EXERCISE DETAILS — Among the entries, which lines carry the string "lemma"? Copy each of them.

*** Opening DATA RECORDS ***

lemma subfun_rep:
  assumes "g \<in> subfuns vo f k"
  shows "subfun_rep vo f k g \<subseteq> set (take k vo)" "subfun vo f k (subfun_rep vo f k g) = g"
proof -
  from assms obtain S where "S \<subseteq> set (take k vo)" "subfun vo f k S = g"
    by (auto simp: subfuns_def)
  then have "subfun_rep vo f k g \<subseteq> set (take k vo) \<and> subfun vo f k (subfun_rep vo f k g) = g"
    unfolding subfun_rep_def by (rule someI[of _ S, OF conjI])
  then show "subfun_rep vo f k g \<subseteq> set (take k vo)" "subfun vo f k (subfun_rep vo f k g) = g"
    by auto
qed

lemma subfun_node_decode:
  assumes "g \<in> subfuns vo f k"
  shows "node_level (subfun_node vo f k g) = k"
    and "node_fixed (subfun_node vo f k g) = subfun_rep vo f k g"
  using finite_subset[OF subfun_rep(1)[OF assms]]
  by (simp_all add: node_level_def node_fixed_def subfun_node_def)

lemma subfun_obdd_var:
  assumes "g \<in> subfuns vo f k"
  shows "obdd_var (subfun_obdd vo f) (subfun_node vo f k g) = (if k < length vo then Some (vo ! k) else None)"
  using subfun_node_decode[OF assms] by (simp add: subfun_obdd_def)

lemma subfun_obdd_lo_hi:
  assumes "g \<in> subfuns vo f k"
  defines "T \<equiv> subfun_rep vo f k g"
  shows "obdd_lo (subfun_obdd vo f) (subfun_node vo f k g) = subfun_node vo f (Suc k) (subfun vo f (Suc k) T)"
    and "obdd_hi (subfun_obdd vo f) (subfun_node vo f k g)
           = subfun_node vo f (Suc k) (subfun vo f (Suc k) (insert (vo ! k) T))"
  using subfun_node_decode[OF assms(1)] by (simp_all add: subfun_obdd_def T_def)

*** Closing DATA RECORDS ***

EXERCISE SOLUTION —
lemma subfun_rep:
lemma subfun_node_decode:
lemma subfun_obdd_var:
lemma subfun_obdd_lo_hi:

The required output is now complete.